Unite claimed the charity was refusing to cancel plans to remove a junior staffing cap agreement and said it feared services would be harmed, because higher-paid, experienced staff were being pushed out and replaced by lower-paid junior staff.
The union said it also had issues with the charity’s "draconian" sickness and disciplinary policies.
The charity denied it was seeking to alter employee terms and conditions and that staff would be made redundant.
A statement from Unite this week said that, although 78 per cent of staff who voted opted to go on strike, one too few people who were eligible to vote had done so.
The Trade Union Act 2016 prevents a trade union from calling a strike if more than 50 per cent of employees eligible to vote did not take part.
The union, which has 500 members at Unite, said missing the minimum threshold by the narrowest margin was "hugely disappointing".
A meeting of Unite members working at St Mungo’s would take place on 18 September to "chart a way forward in the dispute with management over the erosion of employment conditions", the union said.
"The issues in the dispute that our members voted on are still unresolved," said Unite.
"Senior management have consistently refused to move on any of the matters that are of such serious and legitimate concern to the more than 500 members at this charity.

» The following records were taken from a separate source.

lemma up_map_phi_not_const:
  assumes triple: "\<And>a b. a \<in> A \<Longrightarrow> b \<in> B \<Longrightarrow> unital_adjoint_triple (tnorm (\<sigma> a b)) (sw (\<sigma> a b)) (nw (\<sigma> a b))"
    and b: "b \<in> B" and y: "y \<noteq> bot"
    and related: "\<exists>a\<in>A. R a b \<noteq> bot" and unrelated: "\<exists>a\<in>A. R a b = bot"
  shows "up_map A B R \<sigma> sw (phi B b y) \<notin> {const_map A top, const_map A bot}"
proof -
  have up_phi: "up_map A B R \<sigma> sw (phi B b y) a = sw (\<sigma> a b) (R a b) y" if "a \<in> A" for a
    using up_map_phi[OF _ that b] triple unfolding unital_adjoint_triple_def by blast
  obtain a1 where a1: "a1 \<in> A" "R a1 b \<noteq> bot" using related by blast
  obtain a2 where a2: "a2 \<in> A" "R a2 b = bot" using unrelated by blast
  have "R a1 b \<le> up_map A B R \<sigma> sw (phi B b y) a1"
    unfolding up_phi[OF a1(1)] by (rule unital_adjoint_triple_le_sw[OF triple[OF a1(1) b]])
  then have "up_map A B R \<sigma> sw (phi B b y) a1 \<noteq> const_map A bot a1"
    using a1 by (auto simp: const_map_def bot_unique)
  moreover have "up_map A B R \<sigma> sw (phi B b y) a2 \<noteq> const_map A top a2"
    using unital_adjoint_triple_sw_eq_top_iff[OF triple[OF a2(1) b]] up_phi[OF a2(1)] a2 y
    by (simp add: const_map_def bot_unique)
  ultimately show ?thesis by auto
qed

lemma down_map_const_bot:
  assumes "\<And>a b. a \<in> A \<Longrightarrow> b \<in> B \<Longrightarrow> adjoint_triple (tnorm (\<sigma> a b)) (sw (\<sigma> a b)) (nw (\<sigma> a b))"
  shows "down_map A B R \<sigma> nw (const_map A bot) = const_map B top"
  unfolding down_map_eq_up_map_transpose
  by (rule up_map_const_bot[where tnorm = "\<lambda>i x y. tnorm i y x" and nw = sw])
    (simp add: assms adjoint_triple_swap)

lemma down_map_const_top:
  assumes "\<And>a b. a \<in> A \<Longrightarrow> b \<in> B \<Longrightarrow> unital_adjoint_triple (tnorm (\<sigma> a b)) (sw (\<sigma> a b)) (nw (\<sigma> a b))"
    and "\<forall>b\<in>B. \<exists>a\<in>A. R a b = bot"
  shows "down_map A B R \<sigma> nw (const_map A top) = const_map B bot"
  unfolding down_map_eq_up_map_transpose
  by (rule up_map_const_top[where tnorm = "\<lambda>i x y. tnorm i y x" and nw = sw])
    (simp_all add: assms unital_adjoint_triple_swap)
text \<open>Read back through \<open>\<psi>\<close>, this model shows that the critical program derives nothing
  the original program cannot, provided the clock facts \<open>V\<close>, \<open>A\<close> only occur at times in
  \<open>T\<close> and temporal EDB facts persist along \<open>T\<close>.\<close>
definition crit_model :: "('n, 'o) query \<Rightarrow> ('n, 'o) fact set \<Rightarrow> int set \<Rightarrow> ('n xname, 'o) fact set" where
  "crit_model Q B T =
     psi_fact ` {g. derivable (snd Q) B g \<and> fst g \<in> preds_of (snd Q)} \<union> lift_fact ` B \<union>
     (\<lambda>t. (predV, [], Some t)) ` T \<union> (\<lambda>t. (predA, [], Some t)) ` T"

lemma crit_model_cases:
  assumes "f \<in> crit_model Q B T"
  obtains (derived) g where "f = psi_fact g" "derivable (snd Q) B g"
    | (base) g where "f = lift_fact g" "g \<in> B"
    | (clock) R t where "f = (R, [], Some t)" "R = predA \<or> R = predV" "t \<in> T"
  using assms unfolding crit_model_def by blast

lemma psi_fact_in_crit_model:
  assumes "psi_fact g \<in> crit_model Q B T"
  shows "derivable (snd Q) B g"
  using assms
proof (cases rule: crit_model_cases)
  case (base f)
  then have "g = f"
    by (cases g, cases f) (auto simp: psi_fact_def lift_fact_def psi_pred_eq_lift_pred)
  with base show ?thesis by (simp add: derivable.base)
qed (auto simp: psi_fact_inject, auto simp: psi_fact_def)

lemma lift_fact_in_crit_model:
  assumes "(lift_pred P, os, t) \<in> crit_model Q B T"
  shows "derivable (snd Q) B (P, os, t)"
  using assms
proof (cases rule: crit_model_cases)
  case (derived g)
  then have "g = (P, os, t)"
    by (cases g) (auto simp: psi_fact_def psi_pred_eq_lift_pred eq_commute[of "lift_pred P"])
  with derived show ?thesis by simp
next
  case (base g)
  then have "g = (P, os, t)" by (cases g) (auto simp: lift_fact_def)
  with base show ?thesis by (simp add: derivable.base)
qed auto

lemma nullary_in_crit_model:
  assumes "(R, [], Some t) \<in> crit_model Q B T" "R = predA \<or> R = predV"
  shows "t \<in> T"
  using assms by (cases rule: crit_model_cases) (auto simp: psi_fact_def lift_fact_def)

lemma psi_fact_in_crit_modelI:
  "derivable (snd Q) B g \<Longrightarrow> fst g \<in> preds_of (snd Q) \<Longrightarrow> psi_fact g \<in> crit_model Q B T"
  by (simp add: crit_model_def)

lemma crit_program_cases:
  assumes "r \<in> crit_program Q"
  obtains (psi) r0 where "r0 \<in> snd Q" "r = psi_rule r0"
    | (A_V) "r = Rule [Atom predA [] (tvar 0)] (Atom predV [] (tvar 0))"
    | (V_Suc) "r = Rule [Atom predV [] (tvar 0)] (Atom predV [] (tvar 1))"
    | (copy) P where "P \<in> temporal_edb_preds (snd Q)"
        "r = Rule [Atom (lift_pred P) (xvars (oarity P)) (tvar 0)]
          (Atom (psi_pred P) (xvars (oarity P)) (tvar 0))"
    | (propagate) P where "P \<in> temporal_edb_preds (snd Q)"
        "r = Rule [Atom predV [] (tvar 1), Atom (psi_pred P) (xvars (oarity P)) (tvar 0)]
          (Atom (psi_pred P) (xvars (oarity P)) (tvar 1))"
  using assms unfolding crit_program_def by blast

lemma crit_model_sat:
  fixes Q :: "('n, 'o) query"
  assumes T_Suc: "\<And>t. t \<in> T \<Longrightarrow> t + 1 \<in> T"
    and persist: "\<And>P os t. t + 1 \<in> T \<Longrightarrow> P \<in> temporal_edb_preds (snd Q) \<Longrightarrow>
      derivable (snd Q) B (P, os, Some t) \<Longrightarrow> derivable (snd Q) B (P, os, Some (t + 1))"
    and "r \<in> crit_program Q"
  shows "sat_rule (crit_model Q B T) r"
  unfolding sat_rule_def
proof (intro allI impI)
  fix \<sigma> :: "nat \<Rightarrow> 'o" and \<theta> :: "nat \<Rightarrow> int"
  let ?M = "crit_model Q B T" and ?os = "\<lambda>k. map \<sigma> [0..<k]" and ?t = "\<theta> 0"
  assume body: "\<forall>a\<in>set (body r). eval_atom \<sigma> \<theta> a \<in> ?M"
  from assms(3) show "eval_atom \<sigma> \<theta> (head r) \<in> ?M"
  proof (cases rule: crit_program_cases)
    case (psi r0)
    have "derivable (snd Q) B (eval_atom \<sigma> \<theta> (head r0))"
      using body psi by (intro derivable.step[OF psi(1)])
        (auto simp: eval_psi_atom intro: psi_fact_in_crit_model)
    moreover have "fst (eval_atom \<sigma> \<theta> (head r0)) \<in> preds_of (snd Q)"
      using psi(1) by (auto simp: fst_eval_atom preds_of_def preds_of_rule_def)
    ultimately show ?thesis using psi(2) by (simp add: eval_psi_atom psi_fact_in_crit_modelI)
  next
    case A_V
    with body have "?t \<in> T" by (auto simp: tvar_def intro: nullary_in_crit_model)
    with A_V show ?thesis by (auto simp: crit_model_def tvar_def)
  next
    case V_Suc
    with body have "?t \<in> T" by (auto simp: tvar_def intro: nullary_in_crit_model)
    with V_Suc T_Suc show ?thesis by (auto simp: crit_model_def tvar_def)
  next
    case (copy P)
    with body have "derivable (snd Q) B (P, ?os (oarity P), Some ?t)"
      by (auto simp: xvars_def tvar_def comp_def intro: lift_fact_in_crit_model)
    with copy show ?thesis
      by (auto simp: xvars_def tvar_def comp_def temporal_edb_preds_def psi_fact_def
          dest: psi_fact_in_crit_modelI[where T = T])
  next
    case (propagate P)
    with body have "?t + 1 \<in> T"
      by (auto simp: tvar_def intro: nullary_in_crit_model)
    moreover from propagate body have "psi_fact (P, ?os (oarity P), Some ?t) \<in> ?M"
      by (simp add: xvars_def tvar_def comp_def psi_fact_def)
    then have "derivable (snd Q) B (P, ?os (oarity P), Some ?t)"
      by (rule psi_fact_in_crit_model)
    ultimately have "derivable (snd Q) B (P, ?os (oarity P), Some (?t + 1))"
      using propagate(1) persist by blast
    with propagate show ?thesis
      by (auto simp: xvars_def tvar_def comp_def temporal_edb_preds_def psi_fact_def
          dest: psi_fact_in_crit_modelI[where T = T])
  qed
qed

lemma derivable_crit_program_decode:
  assumes "derivable (crit_program Q) B' (lift_pred P, os, t)" "B' \<subseteq> crit_model Q B T"
    and "\<And>t. t \<in> T \<Longrightarrow> t + 1 \<in> T"
    and "\<And>P os t. t + 1 \<in> T \<Longrightarrow> P \<in> temporal_edb_preds (snd Q) \<Longrightarrow>
      derivable (snd Q) B (P, os, Some t) \<Longrightarrow> derivable (snd Q) B (P, os, Some (t + 1))"
  shows "derivable (snd Q) B (P, os, t)"
proof -
  have "\<forall>r\<in>crit_program Q. sat_rule (crit_model Q B T) r"
    using assms(3,4) by (simp add: crit_model_sat)
  then have "(lift_pred P, os, t) \<in> crit_model Q B T"
    using derivable_in_model assms(1,2) by blast
  then show ?thesis by (rule lift_fact_in_crit_model)
qed

lemma answers_iff_derivable:
  "os \<in> answers Q B \<tau> \<longleftrightarrow> length os = oarity (fst Q) \<and> derivable (snd Q) B (fst Q, os, Some \<tau>)"
  by (simp add: answers_def entails_iff_derivable)

lemma crit_answers_iff_derivable:
  "os \<in> answers (crit_query Q) B \<tau> \<longleftrightarrow>
     length os = oarity (fst Q) \<and> derivable (crit_program Q) B (lift_pred (fst Q), os, Some \<tau>)"
  by (simp add: answers_iff_derivable crit_query_def)

lemma answers_mono: "B \<subseteq> B' \<Longrightarrow> answers Q B \<tau> \<subseteq> answers Q B' \<tau>"
  by (auto simp: answers_iff_derivable intro: derivable_mono)

lemma derivable_psi_fact_lift_facts:
  assumes "is_dataset D" "lift_facts D \<subseteq> B" "derivable (snd Q) D g" "fst g \<in> preds_of (snd Q)"
  shows "derivable (crit_program Q) B (psi_fact g)"
  using assms(3,4)
proof (rule derivable_psi_fact)
  fix f assume "f \<in> D" "fst f \<in> preds_of (snd Q)"
  with assms(1,2) show "derivable (crit_program Q) B (psi_fact f)"
    by (intro derivable_psi_fact_of_lift) (auto simp: is_dataset_def lift_facts_eq_image)
qed

lemma crit_answers_lift_facts:
  assumes "wf_query Q" "is_dataset D"
  shows "answers (crit_query Q) (lift_facts D) \<tau> = answers Q D \<tau>"
proof -
  have idb: "\<not> is_edb (fst Q)" and P: "fst Q \<in> preds_of (snd Q)"
    using assms(1) by (auto simp: wf_query_def)
  have "derivable (crit_program Q) (lift_facts D) (lift_pred (fst Q), os, Some \<tau>) \<longleftrightarrow>
      derivable (snd Q) D (fst Q, os, Some \<tau>)" for os
  proof
    assume "derivable (crit_program Q) (lift_facts D) (lift_pred (fst Q), os, Some \<tau>)"
    moreover have "lift_facts D \<subseteq> crit_model Q D {}"
      by (auto simp: crit_model_def lift_facts_eq_image)
    ultimately show "derivable (snd Q) D (fst Q, os, Some \<tau>)"
      by (rule derivable_crit_program_decode) auto
  next
    assume "derivable (snd Q) D (fst Q, os, Some \<tau>)"
    then have "derivable (crit_program Q) (lift_facts D) (psi_fact (fst Q, os, Some \<tau>))"
      using P by (intro derivable_psi_fact_lift_facts[OF assms(2) subset_refl]) auto
    then show "derivable (crit_program Q) (lift_facts D) (lift_pred (fst Q), os, Some \<tau>)"
      by (simp add: psi_fact_idb idb)
  qed
  then show ?thesis
    unfolding set_eq_iff crit_answers_iff_derivable by (simp add: answers_iff_derivable)
qed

"Unite won’t be commenting further until the 18 September meeting has concluded."
Howard Sinclair, chief executive of St Mungo’s, said those who did vote for industrial action amounted to 12 per cent of all St Mungo’s staff.
"Our efforts remain focused on listening and addressing staff concerns," he said.
"Our offers to Unite remain on the table and we urge Unite officials to return to discuss these so we can build a better relationship with Unite for the future.
"St Mungo’s will continue to do everything necessary to protect the safety and interests of our most vulnerable clients."